My advice with situations like these is to speak from the “I” position. Avoid getting into issues of fact or interpretation, all of which can be debated. It’s not a matter of debate. It’s your home, your values, and your rules. That said, it’s natural for adult children to want to incorporate their adult lives into their family home lives. A good approach will sound something like this:

“Look, I’m not arguing with you or speaking objectively about whether you should be having sex at this age, but I am telling you as your parent that I don’t feel comfortable with you two sleeping in the same room in my house, plus it’s my responsibility to do what is best for your younger siblings, and I feel that’s just not appropriate for them.”

Even when you set firm limits, don’t do it from an authority position. Remember, you’re not Charlton Heston delivering the rules on a tablet. You can still set limits and do it from a point of respect. By saying, “I don’t know if this is best or not, but I’m your dad, and this is my best shot at doing what’s best for you…” you are giving the adult child the respect she deserves and opening her up to respecting your position in return.

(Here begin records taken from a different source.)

lemma tail_Htil_Sl_Suc_le:
  assumes "\<forall>k\<le>d (Suc m).
    finsupp (\<gamma> k (d (Suc m))) \<and> precV (maxV (HRL k (d (Suc m)))) (\<gamma> k (d (Suc m)))"
  shows "tail (Htil (d 0) (Sl d W B (Suc m))) J
    \<le> tail (phi \<gamma> (d (Suc m)) (Htil (d 0) (Sl d W B m))) J"
proof -
  let ?\<beta> = "bottleneck (d 0)"
  let ?E = "\<lambda>t. {s. t @ [s] \<in> Sl d W B (Suc m) \<and> J \<le> ?\<beta> (t @ [s])}"
  have "tail (Htil (d 0) (Sl d W B (Suc m))) J = card {t' \<in> Sl d W B (Suc m). J \<le> ?\<beta> t'}"
    by (simp add: Htil_eq_histogram tail_histogram finite_Sl)
  also have "\<dots> \<le> card (\<Union>t\<in>Sl d W B m. (\<lambda>s. t @ [s]) ` ?E t)"
  proof (rule card_mono)
    show "finite (\<Union>t\<in>Sl d W B m. (\<lambda>s. t @ [s]) ` ?E t)"
      by (rule finite_subset[OF _ finite_Sl[of d W B "Suc m"]]) blast
  qed (rule Sl_Suc_filter_subset)
  also have "\<dots> \<le> (\<Sum>t\<in>Sl d W B m. card ((\<lambda>s. t @ [s]) ` ?E t))"
    by (rule card_UN_le[OF finite_Sl])
  also have "\<dots> = (\<Sum>t\<in>Sl d W B m. card (?E t))"
    by (intro sum.cong refl card_image) (simp add: inj_on_def)
  also have "\<dots> \<le> (\<Sum>t\<in>Sl d W B m. if J \<le> min (?\<beta> t) (d (Suc m))
      then tail (\<gamma> (min (?\<beta> t) (d (Suc m))) (d (Suc m))) J else 0)"
    using assms by (intro sum_mono card_snoc_signatures_le) auto
  also have "\<dots> = tail (phi \<gamma> (d (Suc m)) (Htil (d 0) (Sl d W B m))) J"
    using assms by (simp add: Htil_eq_histogram tail_phi_histogram finite_Sl)
  finally show ?thesis .
qed

theorem mainTheorem4:
  fixes d :: "nat \<Rightarrow> nat" and L :: nat
    and W :: "nat \<Rightarrow> nat \<Rightarrow> nat \<Rightarrow> real" and B :: "nat \<Rightarrow> nat \<Rightarrow> real"
    and \<gamma> :: "nat \<Rightarrow> nat \<Rightarrow> nat \<Rightarrow> nat" and l :: nat
  assumes "0 < L" and "\<forall>k\<le>L. 0 < d k"
    and "Gamma \<gamma>"
    and "2 \<le> l" and "l \<le> L"
  shows "precV (Htil (d 0) (Sl d W B l)) (phi \<gamma> (d l) (Htil (d 0) (Sl d W B (l - 1))))"
proof -
  obtain m where l: "l = Suc m"
    using assms(4) by (cases l) auto
  have "1 \<le> d l"
    using assms(2,5) by (simp add: Suc_le_eq)
  then have "\<forall>k\<le>d (Suc m).
      finsupp (\<gamma> k (d (Suc m))) \<and> precV (maxV (HRL k (d (Suc m)))) (\<gamma> k (d (Suc m)))"
    using assms(3) by (simp add: Gamma_def l)
  then have "tail (Htil (d 0) (Sl d W B (Suc m))) J
      \<le> tail (phi \<gamma> (d (Suc m)) (Htil (d 0) (Sl d W B m))) J" for J
    by (rule tail_Htil_Sl_Suc_le)
  then show ?thesis
    unfolding precV_def l by simp
qed

end
(* Let $n>24$, $0<\epsilon<\frac13$, and let $m$ be a positive integer with load factor $L=\frac mn>\epsilon^{-2}$. Then $$\mathsf P\left\{\left|\sum_{i=1}^n \frac{k_i(x)(k_i(x)-1)}{m(m-1)}\cdot\frac{1}{\|p\|^2}-1\right|\le 22\,\epsilon\right\}\ \ge\ 1-\frac{10}{9}e^{-L\epsilon^2}.$$
   Context: Standing setup: $U$ is a finite set (the key space) with a probability measure $q$; $T=\{1,\dots,n\}$; $h:U\to T$ is an arbitrary function. $p_i=\sum_{u\in h^{-1}(i)}q(u)$ and $\|p\|^2=\sum_{i=1}^n p_i^2$. $U^m$ carries the product measure $q^m$, and $\mathsf P$ denotes probability under $q^m$ of the event for $x=(x_1,\dots,x_m)\in U^m$. $k_i(x)=|\{j: h(x_j)=i\}|$. *)

theory Defs
  imports "HOL-Probability.Probability"
begin

definition bucket_count :: "('u \<Rightarrow> nat) \<Rightarrow> nat \<Rightarrow> (nat \<Rightarrow> 'u) \<Rightarrow> nat \<Rightarrow> nat" where
  "bucket_count h m x i = card {j \<in> {..<m}. h (x j) = i}"

definition bucket_prob :: "'u pmf \<Rightarrow> ('u \<Rightarrow> nat) \<Rightarrow> nat \<Rightarrow> real" where
  "bucket_prob q h i = measure_pmf.prob q (h -` {i})"

definition sq_norm_p :: "'u pmf \<Rightarrow> ('u \<Rightarrow> nat) \<Rightarrow> nat \<Rightarrow> real" where
  "sq_norm_p q h n = (\<Sum>i=1..n. (bucket_prob q h i)^2)"

definition sample_pmf :: "'u pmf \<Rightarrow> nat \<Rightarrow> (nat \<Rightarrow> 'u) pmf" where
  "sample_pmf q m = Pi_pmf {..<m} undefined (\<lambda>_. q)"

That’s the humble part, but the firm part is saying, “Hey, you can disobey the rules if you choose to, but these are the consequences.” That’s when you use your leverage: either taking away something your child values and desires (e.g. no access to the car, no access to pocket money) or by having him do something for disrespecting your rules (e.g: cleaning out the garage, etc.).

A lot of parents get hung up with trying to argue with the kids about whether the rules and regulations are justifiable. The value of talking from the “I” position is that no one can argue with you.

Leverage means discomfort. Discomfort means that something is going to go on in the kid’s life that is going to make him unhappy or uncomfortable. He’s going to have to do something he doesn’t want to do or lose something he wants.

Too many parents don’t want their kids to be mad at them, and they get squishy on discipline. When you allow yourself to be intimidated like that you’re no longer being a parent, you’re being a peer, and you’ve fallen down on the job.

Stand up for your values, but do so with humility, respect, love and use your leverage. Believe it or not, your kids will thank you. It just might take a while.